A week has passed since I practically tore down our apartment with my bare hands. We cleaned up the best we could, but it’s a pretty safe bet we won’t be getting our security deposit back. I walk through the door and see Layla standing in the middle of the living room.
“What are you doing here? Why aren’t you in Barcelona?”
I take a deep breath and answer, skipping the formalities of greeting her just as she did. “I’m suspended.”
Indefinitely, but I don’t tell her that part.
“What happened?” she asks, but I see the accusation in her eyes. She really means What did you do?
I lay my car keys on the table by the door and set my bag on the one remaining barstool in the kitchen.
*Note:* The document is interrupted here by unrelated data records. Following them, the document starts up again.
lemma sum_unique_coefficients:
  fixes a b \<alpha> \<beta> :: complex and F T :: "complex \<Rightarrow> complex \<Rightarrow> complex"
    and C :: "complex \<Rightarrow> complex \<Rightarrow> bool"
  assumes D: "\<beta>*a - \<alpha>*b \<noteq> 0"
    and F: "binary_form m F"
    and C: "\<And>x y. x + y \<noteq> 0 \<Longrightarrow> x - y \<noteq> 0 \<Longrightarrow> C x y"
    and T: "\<And>x y. C x y \<Longrightarrow> T x y = F (\<alpha>*x^2 + \<beta>*x*y + \<alpha>*y^2) (a*x^2 + b*x*y + a*y^2)"
  shows "(\<Sum>r\<le>m. (THE c. (\<forall>r. m < r \<longrightarrow> c r = 0) \<and>
      (\<forall>x y. C x y \<longrightarrow> (\<beta>*a - \<alpha>*b)^m * T x y =
        (\<Sum>r\<le>m. c r * (\<alpha>*x^2 + \<beta>*x*y + \<alpha>*y^2)^(m - r) * (a*x^2 + b*x*y + a*y^2)^r))) r)
    = F (\<beta>*a - \<alpha>*b) (\<beta>*a - \<alpha>*b)"
proof -
  obtain c where c: "\<And>P Q. F P Q = (\<Sum>r\<le>m. c r * P^(m - r) * Q^r)"
    using F unfolding binary_form_def by blast
  define c' where "c' r = (if r \<le> m then (\<beta>*a - \<alpha>*b)^m * c r else 0)" for r
  have expansion: "(\<beta>*a - \<alpha>*b)^m * T x y =
      (\<Sum>r\<le>m. c' r * (\<alpha>*x^2 + \<beta>*x*y + \<alpha>*y^2)^(m - r) * (a*x^2 + b*x*y + a*y^2)^r)"
    if "C x y" for x y
    unfolding T[OF that] c sum_distrib_left c'_def by (simp add: mult.assoc)
  have "(THE c. (\<forall>r. m < r \<longrightarrow> c r = 0) \<and>
      (\<forall>x y. C x y \<longrightarrow> (\<beta>*a - \<alpha>*b)^m * T x y =
        (\<Sum>r\<le>m. c r * (\<alpha>*x^2 + \<beta>*x*y + \<alpha>*y^2)^(m - r) * (a*x^2 + b*x*y + a*y^2)^r))) = c'"
  proof (rule the_equality)
    show "(\<forall>r. m < r \<longrightarrow> c' r = 0) \<and> (\<forall>x y. C x y \<longrightarrow> (\<beta>*a - \<alpha>*b)^m * T x y =
        (\<Sum>r\<le>m. c' r * (\<alpha>*x^2 + \<beta>*x*y + \<alpha>*y^2)^(m - r) * (a*x^2 + b*x*y + a*y^2)^r))"
      using expansion by (simp add: c'_def)
  next
    fix e
    assume e: "(\<forall>r. m < r \<longrightarrow> e r = 0) \<and> (\<forall>x y. C x y \<longrightarrow> (\<beta>*a - \<alpha>*b)^m * T x y =
        (\<Sum>r\<le>m. e r * (\<alpha>*x^2 + \<beta>*x*y + \<alpha>*y^2)^(m - r) * (a*x^2 + b*x*y + a*y^2)^r))"
    have "e r - c' r = 0" if "r \<le> m" for r
    proof (rule coefficients_zero_if_form_vanishes[OF D _ that])
      fix x y :: complex
      assume "x + y \<noteq> 0" and "x - y \<noteq> 0"
      then have "C x y" by (rule C)
      with e expansion show "(\<Sum>r\<le>m. (e r - c' r) * (\<alpha>*x^2 + \<beta>*x*y + \<alpha>*y^2)^(m - r)
          * (a*x^2 + b*x*y + a*y^2)^r) = 0"
        by (simp add: left_diff_distrib sum_subtractf)
    qed
    with e show "e = c'"
      by (auto simp: c'_def not_le)
  qed
  then show ?thesis
    using homogeneous_sum_scale[where c=c and s="\<beta>*a - \<alpha>*b" and t=1]
    by (simp add: c c'_def sum_distrib_left)
qed

lemma quadratic_forms_change_of_variables:
  fixes a b \<alpha> \<beta> x y :: complex
  assumes "\<beta>*a - \<alpha>*b \<noteq> 0"
  shows "(a * (\<alpha>*x^2 + \<beta>*x*y + \<alpha>*y^2) - \<alpha> * (a*x^2 + b*x*y + a*y^2)) / (\<beta>*a - \<alpha>*b) = x * y"
    and "(b * (\<alpha>*x^2 + \<beta>*x*y + \<alpha>*y^2) - \<beta> * (a*x^2 + b*x*y + a*y^2)) / (\<beta>*a - \<alpha>*b)
      = -(x^2 + y^2)"
  using assms by (simp_all add: field_simps)

lemma binary_form_linear:
  fixes k1 k2 :: "'a::field"
  shows "binary_form 1 (\<lambda>P Q. (k1 * P - k2 * Q) / d)"
  unfolding binary_form_degree_one_iff
  by (intro exI[of _ "k1 / d"] exI[of _ "- k2 / d"]) (simp add: diff_divide_distrib)

lemma sum_PsiC:
  assumes D: "\<beta>*a - \<alpha>*b \<noteq> 0"
  shows "(\<Sum>r\<le>n div 2. PsiC a b \<alpha> \<beta> n r) = PsiS (a - \<alpha>) (b - \<beta>) n"
proof -
  define F where "F P Q = PsiS ((a*P - \<alpha>*Q) / (\<beta>*a - \<alpha>*b)) ((b*P - \<beta>*Q) / (\<beta>*a - \<alpha>*b)) n"
    for P Q
  have form: "binary_form (n div 2) F"
    unfolding F_def by (intro binary_form_PsiS binary_form_linear)
  have "(\<Sum>r\<le>n div 2. PsiC a b \<alpha> \<beta> n r) = F (\<beta>*a - \<alpha>*b) (\<beta>*a - \<alpha>*b)"
    unfolding PsiC_def
  proof (rule sum_unique_coefficients[OF D form])
    fix x y :: complex
    assume "x + y \<noteq> 0"
    then show "(x^n + y^n) / (x + y) ^ delta n = F (\<alpha>*x^2 + \<beta>*x*y + \<alpha>*y^2) (a*x^2 + b*x*y + a*y^2)"
      unfolding F_def quadratic_forms_change_of_variables[OF D]
      using PsiS_sum_of_powers[of x y n] by (simp add: divide_eq_eq)
  qed
  also have "\<dots> = PsiS (a - \<alpha>) (b - \<beta>) n"
    using D by (simp add: F_def flip: left_diff_distrib)
  finally show ?thesis .
qed

lemma sum_PhiC:
  assumes D: "\<beta>*a - \<alpha>*b \<noteq> 0"
  shows "(\<Sum>r\<le>(n - 1) div 2. PhiC a b \<alpha> \<beta> n r) = PhiS (a - \<alpha>) (b - \<beta>) n"
proof -
  define F where "F P Q = PhiS ((a*P - \<alpha>*Q) / (\<beta>*a - \<alpha>*b)) ((b*P - \<beta>*Q) / (\<beta>*a - \<alpha>*b)) n"
    for P Q
  have form: "binary_form ((n - 1) div 2) F"
    unfolding F_def by (intro binary_form_PhiS binary_form_linear)
  have "(\<Sum>r\<le>(n - 1) div 2. PhiC a b \<alpha> \<beta> n r) = F (\<beta>*a - \<alpha>*b) (\<beta>*a - \<alpha>*b)"
    unfolding PhiC_def
  proof (rule sum_unique_coefficients[where C = "\<lambda>x y. x - y \<noteq> 0 \<and> x + y \<noteq> 0",
        unfolded imp_conjL, OF D form])
    fix x y :: complex
    assume "x - y \<noteq> 0 \<and> x + y \<noteq> 0"
    then show "(x^n - y^n) / ((x - y) * (x + y) ^ delta (n - 1))
        = F (\<alpha>*x^2 + \<beta>*x*y + \<alpha>*y^2) (a*x^2 + b*x*y + a*y^2)"
      unfolding F_def quadratic_forms_change_of_variables[OF D]
      using PhiS_difference_of_powers[of x y n] by (simp add: divide_eq_eq mult.assoc)
  qed simp
  also have "\<dots> = PhiS (a - \<alpha>) (b - \<beta>) n"
    using D by (simp add: F_def flip: left_diff_distrib)
  finally show ?thesis .
qed

theorem theorem10p3:
  fixes a b \<alpha> \<beta> :: complex and n :: nat
  assumes "\<beta>*a - \<alpha>*b \<noteq> 0" and "n \<ge> 1"
  shows "(\<Sum>r\<le>n div 2. PsiC a b \<alpha> \<beta> n r) = PsiS (a - \<alpha>) (b - \<beta>) n
       \<and> (\<Sum>r\<le>(n - 1) div 2. PhiC a b \<alpha> \<beta> n r) = PhiS (a - \<alpha>) (b - \<beta>) n"
  using sum_PsiC[OF assms(1)] sum_PhiC[OF assms(1)] by blast

end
How it survived my rampage is beyond me. Clearing my throat, I turn to face her. “Got into a disagreement with Vasquez.” More like my fist got into a disagreement with his face. Without me even meaning to, my right hand covers my left.
“And?” she prompts.
“And Coach said I needed to relax. I told him we were having some…issues. He said to take some time and get it handled.”
Her forehead wrinkles and she glares at me. “Get it handled? Landen, I told you I’m not—”
“Coach’s words, Layla. Not mine.”
She drops herself onto the couch and I do the same. We’re not touching, but the ever-present current of electricity warms the space between us. We’ve been sleeping in separate beds. Making small talk and avoiding any mention of anything that could set me off. Which is part of why I lost it on Vasquez today.
So low I have to lean in to hear her, she speaks without looking at me. “I talked to Corin last night about…about everything.”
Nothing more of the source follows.